● **EXERCISE OBJECTIVE**
Repeat the whole listing exactly as it appears.

● **PROVIDED ENTRIES**
lemma affine_line_of: "affine (line_of tp)"
  unfolding affine_def line_of_def
proof (intro ballI allI impI, simp)
  fix x y :: pt and u v :: real
  assume h: "x $ 1 * cos (fst tp) + x $ 2 * sin (fst tp) = snd tp"
    "y $ 1 * cos (fst tp) + y $ 2 * sin (fst tp) = snd tp" "u + v = 1"
  then have "u * (x $ 1 * cos (fst tp) + x $ 2 * sin (fst tp))
      + v * (y $ 1 * cos (fst tp) + y $ 2 * sin (fst tp)) = snd tp"
    by (simp add: distrib_right[symmetric])
  then show "(u * x $ 1 + v * y $ 1) * cos (fst tp) + (u * x $ 2 + v * y $ 2) * sin (fst tp) = snd tp"
    by (simp add: algebra_simps)
qed

lemma open_segment_ray_iff:
  fixes q e :: "'a::real_vector"
  assumes "e \<noteq> 0" "0 < l"
  shows "x \<in> open_segment q (q + l *\<^sub>R e) \<longleftrightarrow> (\<exists>u. 0 < u \<and> u < l \<and> x = q + u *\<^sub>R e)"
proof -
  have ne: "q \<noteq> q + l *\<^sub>R e" using assms by simp
  have "(1 - v) *\<^sub>R q + v *\<^sub>R (q + l *\<^sub>R e) = q + (v * l) *\<^sub>R e" for v
    by (simp add: algebra_simps)
  moreover have "(0 < v \<and> v < 1) \<longleftrightarrow> (0 < v * l \<and> v * l < l)" for v
    using assms(2) by (simp add: zero_less_mult_iff mult_less_cancel_right2)
  moreover have "u = (u / l) * l" for u using assms(2) by simp
  ultimately show ?thesis
    unfolding in_segment(2) using ne by metis
qed

lemma open_segment_imp_ray:
  fixes a b q :: "'a::real_vector"
  assumes "q \<in> open_segment a b"
  shows "\<exists>l>0. a = q + l *\<^sub>R (q - b)"
proof -
  obtain m where m: "0 < m" "m < 1" "q = (1 - m) *\<^sub>R a + m *\<^sub>R b"
    using assms in_segment(2) by blast
  have "q - b = (1 - m) *\<^sub>R (a - b)"
    unfolding m(3) by (simp add: algebra_simps)
  then have "q + (m / (1 - m)) *\<^sub>R (q - b) = q + m *\<^sub>R (a - b)"
    using m(2) by simp
  also have "\<dots> = a"
    unfolding m(3) by (simp add: algebra_simps)
  finally show ?thesis
    using m by (metis divide_pos_pos diff_gt_0_iff_gt)
qed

● **OUTPUT OF THE TASK**
lemma affine_line_of: "affine (line_of tp)"
  unfolding affine_def line_of_def
proof (intro ballI allI impI, simp)
  fix x y :: pt and u v :: real
  assume h: "x $ 1 * cos (fst tp) + x $ 2 * sin (fst tp) = snd tp"
    "y $ 1 * cos (fst tp) + y $ 2 * sin (fst tp) = snd tp" "u + v = 1"
  then have "u * (x $ 1 * cos (fst tp) + x $ 2 * sin (fst tp))
      + v * (y $ 1 * cos (fst tp) + y $ 2 * sin (fst tp)) = snd tp"
    by (simp add: distrib_right[symmetric])
  then show "(u * x $ 1 + v * y $ 1) * cos (fst tp) + (u * x $ 2 + v * y $ 2) * sin (fst tp) = snd tp"
    by (simp add: algebra_simps)
qed

lemma open_segment_ray_iff:
  fixes q e :: "'a::real_vector"
  assumes "e \<noteq> 0" "0 < l"
  shows "x \<in> open_segment q (q + l *\<^sub>R e) \<longleftrightarrow> (\<exists>u. 0 < u \<and> u < l \<and> x = q + u *\<^sub>R e)"
proof -
  have ne: "q \<noteq> q + l *\<^sub>R e" using assms by simp
  have "(1 - v) *\<^sub>R q + v *\<^sub>R (q + l *\<^sub>R e) = q + (v * l) *\<^sub>R e" for v
    by (simp add: algebra_simps)
  moreover have "(0 < v \<and> v < 1) \<longleftrightarrow> (0 < v * l \<and> v * l < l)" for v
    using assms(2) by (simp add: zero_less_mult_iff mult_less_cancel_right2)
  moreover have "u = (u / l) * l" for u using assms(2) by simp
  ultimately show ?thesis
    unfolding in_segment(2) using ne by metis
qed

lemma open_segment_imp_ray:
  fixes a b q :: "'a::real_vector"
  assumes "q \<in> open_segment a b"
  shows "\<exists>l>0. a = q + l *\<^sub>R (q - b)"
proof -
  obtain m where m: "0 < m" "m < 1" "q = (1 - m) *\<^sub>R a + m *\<^sub>R b"
    using assms in_segment(2) by blast
  have "q - b = (1 - m) *\<^sub>R (a - b)"
    unfolding m(3) by (simp add: algebra_simps)
  then have "q + (m / (1 - m)) *\<^sub>R (q - b) = q + m *\<^sub>R (a - b)"
    using m(2) by simp
  also have "\<dots> = a"
    unfolding m(3) by (simp add: algebra_simps)
  finally show ?thesis
    using m by (metis divide_pos_pos diff_gt_0_iff_gt)
qed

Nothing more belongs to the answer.